Mortgage arrears up 34% year on year
The number increases to 15,000 in June, Centrix affirms.
According to a recent report from Centrix, the amount of individuals who are falling behind on their loan payments has surpassed the levels seen in 2019.
As outlined in the recent Centrix June Credit Indicator report, there has been a 4% increase in consumer delinquencies compared to the same time last year. This means that 426,000 New Zealanders are currently experiencing difficulties in making their loan payments, which represents a rise of 15,000 individuals in just one month.

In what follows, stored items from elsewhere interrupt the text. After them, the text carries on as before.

theorem proposition2p24:
  fixes R :: "'a set" and add mul :: "'a \<Rightarrow> 'a \<Rightarrow> 'a"
  assumes "finite R"
    and "simple_semiring R add mul"
    and "add_idempotent R add"
    and "card R > 2"
    and "\<exists>(M :: 'b set) madd act. finite M \<and> semimodule R add mul M madd act \<and>
           idempotent_semimodule M madd \<and> sub_irreducible R M madd act"
    and "\<not> left_absorbing R mul (greatest_elem R add)"
    and "\<not> right_absorbing R mul (greatest_elem R add)"
  shows "\<exists>z\<in>R. (\<forall>r\<in>R. add z r = r) \<and> (\<forall>r\<in>R. mul z r = z \<and> mul r z = z)"
proof -
  obtain M :: "'b set" and madd act where
    "finite M" and "semimodule R add mul M madd act" and irr: "sub_irreducible R M madd act"
    using assms(5) by blast
  then interpret carrier_semimodule R add mul M madd act
    using assms(2) by unfold_locales (simp_all add: simple_semiring_def)
  obtain T where T: "T \<in> R" "\<forall>r\<in>R. add r T = T"
    using upper_bound_exists[OF assms(3,1) carrier_nonempty subset_refl] by blast
  with assms(6,7) have "\<not> left_absorbing R mul T" "\<not> right_absorbing R mul T"
    using greatest_elem_eqI by auto
  have "faithful R M act"
    using faithful_if_simple assms(2) irr unfolding sub_irreducible_def by blast
  then have "fixed_points R M act \<noteq> {}"
    using left_absorbing_if_no_fixed_points irr T \<open>\<not> left_absorbing R mul T\<close> by blast
  then have "fixing_ideal R M act \<noteq> {}"
    using fixing_ideal_nonempty \<open>finite M\<close> orbit_meets_fixed_points irr by blast
  then show ?thesis
    using zero_if_ideal_misses_top[OF assms(2,3) fixing_ideal_is_ideal T]
      not_right_absorbing_not_in_fixing_ideal \<open>faithful R M act\<close> T
      \<open>\<not> right_absorbing R mul T\<close> by blast
qed

end
lemma w_delta_borel_measurable:
  assumes "A1 w" "0 < \<delta>"
  shows "w_delta w \<delta> x \<in> borel_measurable borel"
proof -
  \<comment> \<open>w may jump at 1, so measurability comes from monotonicity rather than continuity\<close>
  have "mono (\<lambda>r. - w (max 0 r))"
    by (rule monoI) (simp add: A1_antimono[OF assms(1)] max.coboundedI2)
  then have "(\<lambda>r. w (max 0 r)) \<in> borel_measurable borel"
    using borel_measurable_uminus[OF borel_measurable_mono] by fastforce
  then have "(\<lambda>y. w (max 0 (\<bar>x - y\<bar> / \<delta>))) \<in> borel_measurable borel"
    by (rule measurable_compose[rotated]) measurable
  moreover have "max 0 (\<bar>x - y\<bar> / \<delta>) = \<bar>x - y\<bar> / \<delta>" for y
    using assms(2) by simp
  ultimately show ?thesis
    unfolding w_delta_def by (simp add: borel_measurable_divide)
qed

lemma integrable_on_mult_w_delta:
  assumes "A1 w" "0 < \<delta>" "continuous_on {c..d} g"
  shows "(\<lambda>y. g y * w_delta w \<delta> x y) integrable_on {c..d}"
proof -
  obtain K where K: "\<And>y. y \<in> {c..d} \<Longrightarrow> \<bar>g y\<bar> \<le> K"
    using continuous_on_compact_bound[OF compact_Icc assms(3)] by auto
  have "g \<in> borel_measurable (lebesgue_on {c..d})"
    using assms(3) by (rule continuous_imp_measurable_on_sets_lebesgue) simp
  moreover have "w_delta w \<delta> x \<in> borel_measurable (lebesgue_on {c..d})"
    using w_delta_borel_measurable[OF assms(1,2)]
    by (metis borel_measurable_subalgebra lebesgue_on_UNIV_eq sets_completionI_sets sets_lborel
        space_borel space_lebesgue_on subsetI measurable_restrict_space1)
  ultimately have "(\<lambda>y. g y * w_delta w \<delta> x y) \<in> borel_measurable (lebesgue_on {c..d})"
    by measurable
  then show ?thesis
  proof (rule measurable_bounded_by_integrable_imp_integrable_real)
    show "(\<lambda>_. K * (w 0 / \<delta>^3)) integrable_on {c..d}"
      by (intro integrable_continuous_interval continuous_intros)
    show "\<bar>g y * w_delta w \<delta> x y\<bar> \<le> K * (w 0 / \<delta>^3)" if "y \<in> {c..d}" for y
      unfolding abs_mult
      using w_delta_nonneg[OF assms(1,2)] w_delta_le[OF assms(1,2)] K[OF that]
      by (intro mult_mono) auto
  qed simp
qed

lemma integral_reflect_about:
  fixes f :: "real \<Rightarrow> 'a::real_normed_vector"
  shows "integral {a..b} (\<lambda>y. f (c - y)) = integral {c - b..c - a} f"
proof -
  have "integral {a..b} (\<lambda>y. f (c - y)) = integral {a - c..b - c} (\<lambda>z. f (c - (z + c)))"
    using integral_shift_real_ivl[of a c b "\<lambda>y. f (c - y)"] by simp
  also have "\<dots> = integral {- (c - a)..- (c - b)} (\<lambda>z. f (- z))"
    by simp
  also have "\<dots> = integral {c - b..c - a} f"
    by (rule Henstock_Kurzweil_Integration.integral_reflect_real)
  finally show ?thesis .
qed

lemma integral_subinterval_eq:
  fixes f :: "real \<Rightarrow> 'a::banach"
  assumes "{p..q} \<subseteq> {c..d}" "\<And>y. y \<in> {c..d} \<Longrightarrow> y \<notin> {p..q} \<Longrightarrow> f y = 0"
  shows "integral {c..d} f = integral {p..q} f"
proof -
  have "integral {c..d} f = integral {c..d} (\<lambda>y. if y \<in> {p..q} then f y else 0)"
    using assms(2) by (intro integral_cong) auto
  also have "\<dots> = integral ({p..q} \<inter> {c..d}) f"
    by (rule integral_restrict_Int)
  also have "{p..q} \<inter> {c..d} = {p..q}"
    using assms(1) by blast
  finally show ?thesis .
qed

According to Centrix, a considerable portion of individuals with active credit accounts have fallen behind on their payments. Specifically, around 11.7% of the credit population is facing this issue. Moreover, there are alarming rates of arrears in two types of credit accounts. Unsecured personal loans are experiencing a double-digit arrears rate of 10%, while buy now pay later accounts have a slightly higher rate of 10.4%.
The number of people falling behind on their mortgage payments has risen by 1.32%. Approximately 19,500 households are currently facing mortgage delinquency, which is a 34% increase compared to the previous year. These figures signify the highest level of delinquencies observed since the onset of the COVID-19 pandemic in March 2020, as stated by the credit agency.
The data for June shows a reversal from the May statistics presented by Centrix. In May, the number of mortgages in arrears decreased to 19,000.
Keith McLaughlin, the managing director of Centrix (shown in the picture above), informed NZ Adviser that delinquencies often increased during the holiday season and began to decline in the midst of the year.
"The situation has changed direction – there's been an increase – and that's worrying," McLaughlin expressed.
McLaughlin expressed that borrowers were still worried about the consequences of increasing interest rates and the unpredictability surrounding living expenses.
According to the opinions circulating in the market, indicating that interest rates are getting closer to reaching the highest point, McLaughlin expressed his anticipation that borrowers would feel more assured about the stabilization of interest rates by the conclusion of the third quarter.
"The issue of the cost of living still persists… I don't foresee any decrease in the [unpaid debts] until late September or early October," he expressed.
According to McLaughlin, he anticipates that borrowers will become more mindful in the near future about the eventual cost of living, enabling them to make appropriate plans.
"Spending on non-essential items might begin to rise, hence boosting consumer faith... I reckon the issue lies in the lack of certainty," he stated.
According to McLaughlin, households can be broadly categorized into two groups: those who recently purchased property and took on a substantial amount of debt, and those who have owned property for a longer period of time and have either fully paid off or significantly reduced their mortgage. The former group will continue to experience financial strain, while the latter group is not affected to the same degree.
27% Drop In New Mortgage Lending
The June statistics from Centrix revealed a decrease of 27% in fresh mortgage loans compared to the previous year, indicating a decline in the real estate market.
Centrix reported that the demand for mortgage activity was low, as there was a 3.4% decrease in application enquiries compared to the previous year.
Centrix reported a substantial increase of 10% in non-mortgage lending compared to the previous year. This growth was primarily fueled by the impressive expansion in vehicle loan financing.
Apart from consumer loans and home mortgages, there was a noticeable increase in the number of credit defaults in the corporate industry, with a significant rise of 35% in the total number of company liquidations compared to the previous year.
Centrix reported an noticeable increase in credit defaults spanning multiple industries, such as the real estate/rental sector, hospitality, retail commerce, and construction.
According to the latest statistics released in June, the percentage of unpaid vehicle loans has increased to 5.7%, marking a significant 31% surge compared to the previous year. In contrast, the amount of overdue credit card payments has decreased to 4.5%, albeit slightly above the corresponding figures from last year.
In addition to mortgages and personal loans, there was an increase in demand for nearly all credit products, as reported by Centrix. The credit agency pointed out that the demand for financing new vehicles remained strong, with inquiries showing a 17% growth compared to the previous year.
As a mortgage consultant, do you notice an uptick in financial strain related to mortgages among your clients? Feel free to express your opinions in the comment section located beneath.